Nigeria Govt, Oil Explorers Disagree Over Reserves
As doubts rise over Nigeria's ability to meet crude oil reserve and production targets set by the country, the government and oil explorers have disagreed over the realization of the targets.
The doubts came as operators revealed that the rate of reserves addition was slowing down because of decreased exploration and low commercial finds in new fields.
Meanwhile, the government and industry operators this week began talks on the design of a new Memorandum of Understanding to govern relationships between state and operators in the oil and gas industry.
The Nigerian government restated Thursday the country's ability to realize the target of 40 billion barrels reserves by 2010, and a production rate of 4 million barrels per day by the same date.
"The targets can be achieved," said Sunday Afolabi, Chief Petroleum Engineer at the Department of Petroleum Resources, regulator of Nigeria's oil and gas industry.
Afolabi represented Tony Chukwueke, head of the DPR, at a seminar on challenges facing Nigeria's oil and gas industry, Thursday.
Stressing that "crude oil production is a function of many factors," Afolabi said Nigeria could achieve the target through work-over programs on dormant wells, among others.
"There are several wells that have been shut down over the years as a result of community problems," he said.
Protests by host communities have led to the shutting down of many oil facilities by companies, which are forced to abandon the locations in preference for others.
Nigeria's crude oil reserves currently stand at about 35 billion barrels, while the country's production is about 2.4 million b/d.
But the Nigerian Association of Explorationists warned Wednesday that the country was in danger of not meeting the objectives.
The explorationists said Nigeria was producing crude from the inland shelf but was not doing enough exploration area, to replace reserves depleted by production.
They observed that while Nigeria had added about 6 billion barrels to its reserves within 10 years, the country hadn't added up to one billion barrel of crude in the past year.
Also speaking Thursday at the seminar, Tunde Afolabi, head of an indigenous oil company, said there had been no commercial find of crude oil in any of the blocks awarded by the government in the 2000 Licensing Round.

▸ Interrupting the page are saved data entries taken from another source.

text \<open>If x is not up-regular, there are y, z of equal level above that of x with x < y
and x, z incomparable. Since z lies above the level of x, it has a predecessor w on the level
of x, and {x, y, w, z} consists of two minimal elements x, w below two elements y, z of level
one; it is a level-induced copy of O_obs1 or O_obs2 according to whether w < y.
Conversely, in a level-induced copy {a, b, c, d} of an obstruction, b and d have level one
in the copy, hence equal level in P, while a < b and a, d are incomparable: a is not
up-regular.\<close>

lemma wf_order_induct [consumes 2, case_names step]:
  assumes "wf_order A r" and "x \<in> A"
    and step: "\<And>x. x \<in> A \<Longrightarrow> (\<And>y. y \<in> A \<Longrightarrow> r y x \<Longrightarrow> P y) \<Longrightarrow> P x"
  shows "P x"
proof -
  have "wfP (\<lambda>x y. x \<in> A \<and> y \<in> A \<and> r x y)"
    using assms(1) unfolding wf_order_def by blast
  then have "x \<in> A \<longrightarrow> P x"
    by (induct x rule: wfp_induct_rule) (auto intro: step)
  then show ?thesis using assms(2) by blast
qed

lemma wf_order_trans:
  "wf_order A r \<Longrightarrow> x \<in> A \<Longrightarrow> y \<in> A \<Longrightarrow> z \<in> A \<Longrightarrow> r x y \<Longrightarrow> r y z \<Longrightarrow> r x z"
  unfolding wf_order_def strict_po_on_def by blast

lemma wf_order_subset:
  assumes "wf_order A r" and "S \<subseteq> A"
  shows "wf_order S r"
proof -
  have "wfP (\<lambda>x y. x \<in> A \<and> y \<in> A \<and> r x y)" using assms(1) unfolding wf_order_def by blast
  then have "wfP (\<lambda>x y. x \<in> S \<and> y \<in> S \<and> r x y)"
    by (rule wfp_subset) (use assms(2) in auto)
  then show ?thesis using assms unfolding wf_order_def strict_po_on_def by blast
qed

lemma level_leI:
  "x \<in> A \<Longrightarrow> y \<in> A \<Longrightarrow> (\<And>x'. x' \<in> A \<Longrightarrow> r x' x \<Longrightarrow> \<exists>y'\<in>A. r y' y \<and> level_le A r x' y')
    \<Longrightarrow> level_le A r x y"
  by (rule level_le.intros) blast+

lemma level_leD:
  "level_le A r x y \<Longrightarrow> x' \<in> A \<Longrightarrow> r x' x \<Longrightarrow> \<exists>y'\<in>A. r y' y \<and> level_le A r x' y'"
  by (erule level_le.cases) blast

lemma level_le_carrier: "level_le A r x y \<Longrightarrow> x \<in> A \<and> y \<in> A"
  by (erule level_le.cases) auto

lemma not_level_leD:
  "\<not> level_le A r x y \<Longrightarrow> x \<in> A \<Longrightarrow> y \<in> A
    \<Longrightarrow> \<exists>x'\<in>A. r x' x \<and> (\<forall>y'\<in>A. r y' y \<longrightarrow> \<not> level_le A r x' y')"
  using level_leI by metis

lemma level_le_refl:
  assumes "wf_order A r" and "x \<in> A"
  shows "level_le A r x x"
  using assms by (induct x rule: wf_order_induct) (intro level_leI; blast)

lemma level_le_trans:
  assumes wo: "wf_order A r" and "level_le A r x y" and "level_le A r y z"
  shows "level_le A r x z"
proof -
  have "x \<in> A" using assms level_le_carrier by metis
  have "\<forall>y z. level_le A r x y \<longrightarrow> level_le A r y z \<longrightarrow> level_le A r x z"
    using wo \<open>x \<in> A\<close>
  proof (induct x rule: wf_order_induct)
    case (step x)
    show ?case
    proof (intro allI impI)
      fix y z assume xy: "level_le A r x y" and yz: "level_le A r y z"
      show "level_le A r x z"
      proof (rule level_leI)
        fix x' assume x': "x' \<in> A" "r x' x"
        obtain y' where y': "y' \<in> A" "r y' y" "level_le A r x' y'"
          using level_leD[OF xy x'] by blast
        obtain z' where "z' \<in> A" "r z' z" "level_le A r y' z'"
          using level_leD[OF yz y'(1,2)] by blast
        then show "\<exists>z'\<in>A. r z' z \<and> level_le A r x' z'" using step(2)[OF x'] y' by blast
      qed (use step(1) level_le_carrier[OF yz] in auto)
    qed
  qed
  then show ?thesis using assms by blast
qed

lemma level_le_imp_not_rel:
  assumes wo: "wf_order A r" and "level_le A r u v"
  shows "\<not> r v u"
proof -
  have "u \<in> A" using assms level_le_carrier by metis
  have "\<forall>v. level_le A r u v \<longrightarrow> \<not> r v u"
    using wo \<open>u \<in> A\<close>
  proof (induct u rule: wf_order_induct)
    case (step u)
    show ?case
    proof (intro allI impI notI)
      fix v assume uv: "level_le A r u v" and vu: "r v u"
      have "v \<in> A" using uv level_le_carrier by metis
      then obtain v' where "v' \<in> A" "r v' v" "level_le A r v v'"
        using level_leD[OF uv _ vu] by blast
      then show False using step(2) \<open>v \<in> A\<close> vu by blast
    qed
  qed
  then show ?thesis using assms by blast
qed

lemma rel_imp_level_le:
  assumes wo: "wf_order A r" and "x \<in> A" "y \<in> A" "r x y"
  shows "level_le A r x y"
proof (rule level_leI)
  fix x' assume "x' \<in> A" "r x' x"
  then show "\<exists>y'\<in>A. r y' y \<and> level_le A r x' y'"
    using assms wf_order_trans[OF wo] level_le_refl[OF wo] by blast
qed (use assms in auto)

lemma rel_imp_level_less: "wf_order A r \<Longrightarrow> r x y \<Longrightarrow> level_less A r x y"
  unfolding level_less_def using level_le_imp_not_rel by metis

lemma level_less_ex_pred_level_ge:
  assumes wo: "wf_order A r" and "x \<in> A" and "y \<in> A" and "level_less A r x y"
  shows "\<exists>y'\<in>A. r y' y \<and> level_le A r x y'"
proof -
  have "\<forall>x\<in>A. level_less A r x y \<longrightarrow> (\<exists>y'\<in>A. r y' y \<and> level_le A r x y')"
    using wo \<open>y \<in> A\<close>
  proof (induct y rule: wf_order_induct)
    case (step y)
    show ?case
    proof (intro ballI impI)
      fix x assume x: "x \<in> A" and "level_less A r x y"
      then obtain y' where y': "y' \<in> A" "r y' y" "\<forall>x'\<in>A. r x' x \<longrightarrow> \<not> level_le A r y' x'"
        using not_level_leD[OF _ step(1)] unfolding level_less_def by blast
      have "level_le A r x y'"
      proof (rule level_leI)
        fix x' assume "x' \<in> A" "r x' x"
        then show "\<exists>y''\<in>A. r y'' y' \<and> level_le A r x' y''"
          using step(2)[OF y'(1,2)] y'(3) unfolding level_less_def by blast
      qed (use x y' in auto)
      then show "\<exists>y'\<in>A. r y' y \<and> level_le A r x y'" using y' by blast
    qed
  qed
  then show ?thesis using assms by blast
qed

lemma level_less_ex_pred_level_eq:
  assumes wo: "wf_order A r" and "x \<in> A" and "y \<in> A" and "level_less A r x y"
  shows "\<exists>w\<in>A. r w y \<and> level_eq A r w x"
proof -
  have "\<forall>x\<in>A. level_less A r x y \<longrightarrow> (\<exists>w\<in>A. r w y \<and> level_eq A r w x)"
    using wo \<open>y \<in> A\<close>
  proof (induct y rule: wf_order_induct)
    case (step y)
    show ?case
    proof (intro ballI impI)
      fix x assume x: "x \<in> A" and xy: "level_less A r x y"
      obtain y' where y': "y' \<in> A" "r y' y" "level_le A r x y'"
        using level_less_ex_pred_level_ge[OF wo x step(1) xy] by blast
      show "\<exists>w\<in>A. r w y \<and> level_eq A r w x"
      proof (cases "level_le A r y' x")
        case True
        then show ?thesis using y' unfolding level_eq_def by blast
      next
        case False
        then obtain w where "w \<in> A" "r w y'" "level_eq A r w x"
          using step(2)[OF y'(1,2)] x unfolding level_less_def by blast
        then show ?thesis using wf_order_trans[OF wo _ y'(1) step(1) _ y'(2)] by blast
      qed
    qed
  qed
  then show ?thesis using assms by blast
qed

lemma symp_level_eq: "symp (level_eq A r)"
  unfolding symp_def level_eq_def by blast

lemma transp_level_eq: "wf_order A r \<Longrightarrow> transp (level_eq A r)"
  unfolding transp_def level_eq_def using level_le_trans by metis

lemma level_less_level_eq_trans:
  "wf_order A r \<Longrightarrow> level_less A r x y \<Longrightarrow> level_eq A r y z \<Longrightarrow> level_less A r x z"
  unfolding level_less_def level_eq_def using level_le_trans by metis

lemma level_eq_minimal:
  assumes "u \<in> S" "v \<in> S" "\<forall>p\<in>S. \<not> r p u" "\<forall>p\<in>S. \<not> r p v"
  shows "level_eq S r u v"
  unfolding level_eq_def using assms by (blast intro: level_leI)

lemma level_eq_height_one:
  assumes "u \<in> S" "v \<in> S" "\<exists>p\<in>S. r p u" "\<exists>p\<in>S. r p v"
    and "\<And>p q. p \<in> S \<Longrightarrow> q \<in> S \<Longrightarrow> r p u \<or> r p v \<Longrightarrow> \<not> r q p"
  shows "level_eq S r u v"
  unfolding level_eq_def using assms by (blast intro: level_leI)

Blocks awarded during that exercise were located in different zones, including the deepwater region.
The explorationists argued Wednesday that many of the operators now moving into the deepwater are doing so to escape community problems associated with onshore production.
The talks on a new MoU are expected to produce a new agreement to replace the existing one formulated in 2000.
Under the existing MoU, the government takes all the revenue above $30/barrel.
"At the time the MoU was being crafted, nobody believed the price of oil could reach $30/barrel, let alone surpass it," said an official of an oil major Thursday.
The official said although the price of oil is much higher currently than the benchmark price in the existing document, the current provision should be retained.
"In a cyclical industry such as this, we know that prices would always go up and come down," said the official.